Figure 2. A block diagram of the Intel® Xeon® processor D-1500 product

3. Intel® Xeon® Processor D Product Family Feature Overview

The rest of this paper discusses some of the new features in the Intel Xeon processor D-1500 product family. In Table 2 the items denoted with a⁴ have been newly introduced with this version of the silicon, while the other features are new to the entire Intel SoC product line, which previously contained only Intel Atom processors. Some of the features previously existed on other Intel Xeon processor product families, but are new to Intel’s SoC product line.

Table 2. Features and associated workload segments

Features/Technologies	COMPUTE: Hyper Scale Out, Distributed Memcaching, Web Frontend, Content Delivery, Dedicated Hosting	NETWORK: Router Mid Control such as with high density, compact PCI Advanced Mezzanine Cards (AMC)
New or Enhanced Instructions (ADC, SBB, ADCX, ADOX, PREFETCHW, MWAIT)⁴	√	√
Intel® Advanced Vector Extensions 2 (Intel® AVX2)	√	√
VT Cache QoS Monitoring/Enforcement⁴	√	√
Memory Bandwidth Monitoring⁴	√	√
A/D Bits for EPT	√	√
Intel® Virtual Machine Control Structure Shadowing (Intel® VMCS Shadowing)	√	√
Posted Interrupts	√	v
APICv	√	√
RDSEED⁴	√	√
Supervisor Mode Access Protection (SMAP)⁴	√	√
Intel® Trusted Execution Technology	√	√
Intel® Node Manager	√	√
RAS	√	√
Intel® Processor Trace⁴	√	√
Intel® QuickAssist Technology		v
Intel^® Quick Data Technology
Non-Transparent Bridge
Asynchronous DRAM Refresh

4. Intel® Xeon® processor D Product Family introduces new instructions as well as enhancements of previous instructions⁴

ADCX (unsigned integer add with carry) and ADOX (unsigned integer add with overflow) have been introduced for Asymmetric Crypto Assist⁵ in addition to faster ADC/SSB instructions (no re-compilation required for ADC/SSB benefits). ADCX and ADOX are extensions of ADC (add with carry) and ADO (add with overflow) instructions for use in large integer arithmetic, greater than 64 bits. Performance improvements are due to two parallel carry chains being supported at the same time. ADOX/ADCX can be combined with MULX for additional performance improvements with public key encryption such as RSA. Large integer arithmetic is also used for Elliptic Curve Cryptography (ECC) and Diffie-Hellman (DH) Key Exchange. Beyond cryptography, there are many use cases in complex research and high performance computing (HPC). The demand for this functionality is high enough to warrant a number of commonly used optimized libraries, such as the GNU Multi-Precision (GMP) library (e.g., Mathematica), see New Instructions Supporting Large Integer Arithmetic on Intel® Architecture Processors.

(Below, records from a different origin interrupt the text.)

lemma barrier_hessian_det_le:
  assumes "0 < t0" "t0 \<le> exp (-1)" "0 < \<mu>" "0 < \<kappa>"
  obtains P R S where "P * S - R^2 \<le> 4 * \<mu> * \<kappa>"
    and "\<And>\<alpha> \<beta>. \<exists>\<psi>'.
      (\<forall>\<tau>. 0 < t0 + \<tau> * \<beta> \<and> t0 + \<tau> * \<beta> < 1 \<longrightarrow>
        ((\<lambda>\<tau>. barrier K \<mu> \<kappa> l (s0 + \<tau> * \<alpha>) (t0 + \<tau> * \<beta>)) has_real_derivative \<psi>' \<tau>) (at \<tau>)) \<and>
      (\<psi>' has_real_derivative P * \<alpha>^2 + 2 * R * \<alpha> * \<beta> + S * \<beta>^2) (at 0)"
proof
  define L where "L = - ln t0"
  have "t0 < 1"
    using assms(2) exp_less_one_iff[of "-1"] by linarith
  have "1 \<le> L"
    using ln_mono[OF assms(2,1)] by (simp add: L_def)
  show "(2 * \<mu> * tlog t0) * (\<mu> * s0^2 * (- 1 / t0) - \<kappa> * (1 / (t0 * ln t0) - 1 / (t0 * (ln t0)^2)))
      - (2 * \<mu> * s0 * (- ln t0 - 1))^2 \<le> 4 * \<mu> * \<kappa>"
  proof -
    have "(2 * \<mu> * tlog t0) * (\<mu> * s0^2 * (- 1 / t0) - \<kappa> * (1 / (t0 * ln t0) - 1 / (t0 * (ln t0)^2)))
        = 2 * \<mu> * \<kappa> * ((L + 1) / L) - 2 * \<mu>^2 * s0^2 * L"
      using assms(1) \<open>1 \<le> L\<close> by (simp add: tlog_def L_def power2_eq_square field_simps)
    moreover have "2 * \<mu> * \<kappa> * ((L + 1) / L) \<le> 2 * \<mu> * \<kappa> * 2"
      using assms(3,4) \<open>1 \<le> L\<close> by (intro mult_left_mono) (auto simp: field_simps)
    moreover have "0 \<le> 2 * \<mu>^2 * s0^2 * L"
      using \<open>1 \<le> L\<close> by simp
    ultimately show ?thesis
      using zero_le_power2[of "2 * \<mu> * s0 * (- ln t0 - 1)"] by linarith
  qed
  fix \<alpha> \<beta> :: real
  define \<psi>' where "\<psi>' \<tau> = K * \<beta>
    + \<mu> * (2 * (s0 + \<tau> * \<alpha>) * \<alpha> * tlog (t0 + \<tau> * \<beta>)
            + (s0 + \<tau> * \<alpha>)^2 * ((- ln (t0 + \<tau> * \<beta>) - 1) * \<beta>))
    - \<kappa> * ((ln (- ln (t0 + \<tau> * \<beta>)) + 1 / ln (t0 + \<tau> * \<beta>)) * \<beta> - l * \<beta>)" for \<tau>
  show "\<exists>\<psi>'.
      (\<forall>\<tau>. 0 < t0 + \<tau> * \<beta> \<and> t0 + \<tau> * \<beta> < 1 \<longrightarrow>
        ((\<lambda>\<tau>. barrier K \<mu> \<kappa> l (s0 + \<tau> * \<alpha>) (t0 + \<tau> * \<beta>)) has_real_derivative \<psi>' \<tau>) (at \<tau>)) \<and>
      (\<psi>' has_real_derivative (2 * \<mu> * tlog t0) * \<alpha>^2 + 2 * (2 * \<mu> * s0 * (- ln t0 - 1)) * \<alpha> * \<beta>
         + (\<mu> * s0^2 * (- 1 / t0) - \<kappa> * (1 / (t0 * ln t0) - 1 / (t0 * (ln t0)^2))) * \<beta>^2) (at 0)"
  proof (intro exI[of _ \<psi>'] conjI allI impI)
    fix \<tau> assume "0 < t0 + \<tau> * \<beta> \<and> t0 + \<tau> * \<beta> < 1"
    then show "((\<lambda>\<tau>. barrier K \<mu> \<kappa> l (s0 + \<tau> * \<alpha>) (t0 + \<tau> * \<beta>)) has_real_derivative \<psi>' \<tau>) (at \<tau>)"
      unfolding barrier_def \<psi>'_def
      by (auto intro!: derivative_eq_intros has_real_derivative_tlog_chain has_real_derivative_tloglog_chain
          simp: power2_eq_square algebra_simps)
  next
    show "(\<psi>' has_real_derivative (2 * \<mu> * tlog t0) * \<alpha>^2 + 2 * (2 * \<mu> * s0 * (- ln t0 - 1)) * \<alpha> * \<beta>
         + (\<mu> * s0^2 * (- 1 / t0) - \<kappa> * (1 / (t0 * ln t0) - 1 / (t0 * (ln t0)^2))) * \<beta>^2) (at 0)"
      unfolding \<psi>'_def[abs_def] using assms(1) \<open>t0 < 1\<close>
      by (auto intro!: derivative_eq_intros has_real_derivative_tlog_chain has_real_derivative_tlog'_chain
          has_real_derivative_tloglog'_chain simp: power2_eq_square algebra_simps)
  qed
qed


lemma barrier_slope_at_edge:
  assumes "0 < \<kappa>"
  shows "filterlim (\<lambda>t. barrier K \<mu> \<kappa> l 0 t / t) at_bot (at_right 0)"
proof -
  have "filterlim (\<lambda>t. ln (- ln t)) at_top (at_right (0::real))"
    by real_asymp
  then have lim: "filterlim (\<lambda>t. (K + \<kappa> * l) + (- \<kappa>) * ln (- ln t)) at_bot (at_right (0::real))"
    using assms
    by (subst filterlim_tendsto_add_at_bot_iff[OF tendsto_const])
       (intro filterlim_tendsto_neg_mult_at_bot[OF tendsto_const]; simp)
  have "\<forall>\<^sub>F t in at_right 0. (K + \<kappa> * l) + (- \<kappa>) * ln (- ln t) = barrier K \<mu> \<kappa> l 0 t / t"
    using eventually_at_right_less[of 0]
    by eventually_elim (simp add: barrier_def tloglog_def field_simps)
  then have "filterlim (\<lambda>t. (K + \<kappa> * l) + (- \<kappa>) * ln (- ln t)) at_bot (at_right 0)
      = filterlim (\<lambda>t. barrier K \<mu> \<kappa> l 0 t / t) at_bot (at_right 0)"
    by (rule filterlim_cong[OF refl refl])
  with lim show ?thesis
    by simp
qed

section \<open>Coordinates adapted to an edge\<close>

definition perp :: "real^2 \<Rightarrow> real^2" where
  "perp v = vector [- v$2, v$1]"

lemma perp_nth [simp]: "perp v $ 1 = - v$2" "perp v $ 2 = v$1"
  by (simp_all add: perp_def)

lemma inner_perp_self [simp]: "v \<bullet> perp v = 0" "perp v \<bullet> v = 0"
  by (simp_all add: inner_vec2 algebra_simps)

lemma inner_perp_perp [simp]: "perp u \<bullet> perp v = u \<bullet> v"
  by (simp add: inner_vec2 algebra_simps)

lemma cross2_diff_right: "cross2 v (a - b) = cross2 v a - cross2 v b"
  by (simp add: cross2_def algebra_simps)

lemma cross2_eq_inner_perp: "cross2 v u = u \<bullet> perp v"
  by (simp add: cross2_def inner_vec2 algebra_simps)

lemma cross2_perp_self: "cross2 v (perp v) = v \<bullet> v"
  by (simp add: cross2_def inner_vec2 power2_eq_square)

lemma vec2_cramer:
  assumes "cross2 v u \<noteq> 0"
  shows "y = (cross2 y u / cross2 v u) *\<^sub>R v + (cross2 v y / cross2 v u) *\<^sub>R u"
proof -
  have "cross2 y u * v$1 + cross2 v y * u$1 = y$1 * cross2 v u"
    "cross2 y u * v$2 + cross2 v y * u$2 = y$2 * cross2 v u"
    by (simp_all add: cross2_def algebra_simps)
  with assms show ?thesis
    unfolding vec2_eq_iff by (simp add: field_simps)
qed

locale polygon_edge =
  fixes n :: nat and p :: "nat \<Rightarrow> real^2" and U :: "(real^2) set" and i :: nat and ustar :: "real^2"
  assumes poly: "ccw_convex_polygon n p"
    and U_def: "U = interior (convex hull (p ` {1..n}))"
    and i: "i \<in> {1..n}"
    and ustar: "ustar \<in> open_segment (p i) (p (cyc_succ n i))"
begin

definition "e = p (cyc_succ n i) - p i"
definition "E = e \<bullet> e"
text \<open>For a counterclockwise polygon \<open>perp e\<close> is the inward normal of the edge (\<open>tcoord_pos\<close>).\<close>

definition "X s t = ustar + s *\<^sub>R e + t *\<^sub>R perp e"
definition "scoord y = ((y - ustar) \<bullet> e) / E"
definition "tcoord y = cross2 e (y - ustar) / E"

lemma open_U: "open U"
  by (simp add: U_def)

lemma cyc_succ_i: "cyc_succ n i \<in> {1..n}" "cyc_succ n i \<noteq> i"
proof -
  have "3 \<le> n" using poly by (simp add: ccw_convex_polygon_def)
  with i show "cyc_succ n i \<in> {1..n}" "cyc_succ n i \<noteq> i"
    by (auto simp: cyc_succ_def)
qed

lemma e_nonzero: "e \<noteq> 0"
proof -
  have "inj_on p {1..n}" using poly by (simp add: ccw_convex_polygon_def)
  with i cyc_succ_i show ?thesis
    unfolding e_def inj_on_def by fastforce
qed

lemma E_pos: "0 < E"
  using e_nonzero by (simp add: E_def)

lemma norm_perp_e: "norm (perp e) = norm e"
  by (simp add: norm_eq_sqrt_inner)

lemma ustar_on_edge: "\<exists>\<theta>. 0 < \<theta> \<and> \<theta> < 1 \<and> ustar = p i + \<theta> *\<^sub>R e"
proof -
  obtain \<theta> where "0 < \<theta>" "\<theta> < 1" "ustar = (1 - \<theta>) *\<^sub>R p i + \<theta> *\<^sub>R p (cyc_succ n i)"
    using ustar by (auto simp: in_segment)
  then show ?thesis
    by (intro exI[of _ \<theta>]) (auto simp: e_def algebra_simps)
qed

lemma X_coords: "X (scoord y) (tcoord y) = y"
proof -
  have "cross2 e (perp e) = E" "cross2 (y - ustar) (perp e) = (y - ustar) \<bullet> e"
    by (simp_all add: cross2_perp_self E_def cross2_def inner_vec2 algebra_simps)
  then have "y - ustar = scoord y *\<^sub>R e + tcoord y *\<^sub>R perp e"
    using vec2_cramer[of e "perp e" "y - ustar"] E_pos by (simp add: scoord_def tcoord_def)
  then show ?thesis by (simp add: X_def algebra_simps)
qed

To take advantage of these new instructions you need to obtain a new software library and recompilation (Intel® Compiler 14.1+, GCC 4.7+, and Microsoft Visual Studio* 2013+).

MWAIT extensions for advanced power management can be used by the Operating System to implement power management policy.

PREFETCHW, which prefetches data into cache in anticipation of a write, now helps optimization with the network stack.

For more information about these instructions see the Intel® 64 and IA-32 Architectures Developer’s Manual. Currently, Intel® Compiler 14.1+, GCC 4.7+, and Microsoft Visual Studio* 2013+ support these instructions.

5. Intel® Advanced Vector Extensions 2 (Intel® AVX2) Instructions

With Intel® AVX, all the floating point vector instructions were extended from 128 bit to 256 bits. The Intel Xeon processor D Family further improves performance by reducing floating point multiply (MULPS, PD) to 3 cycles vs 5 cycles on the previous generation of Intel Xeon processor. Intel® AVX2 also extends the integer vector instructions to 256 bits. Intel AVX2 uses the same 256 bit YMM registers as Intel AVX. Intel AVX2 instructions benefit high performance computing (HPC) applications, databases, and audio and video applications. Intel AVX2 instructions include fused multiply add (FMA), gather, shifts, and permute instructions.

The FMA instruction computes ±(a×b)±c with only one rounding. axb intermediate results are not rounded and therefore bring increased accuracy compared to MUL and ADD instructions. FMA increases performance and accuracy of many floating point computations such as matrix multiplication, dot product and polynomial evaluation. With 256 bits, we can have 8 single precision and 4 double precision FMA operations. Since FMA combines 2 operations into one, floating point operations per second (FLOPS) are increased. Additionally, because there are 2 FMA units, the peak FLOPS are doubled.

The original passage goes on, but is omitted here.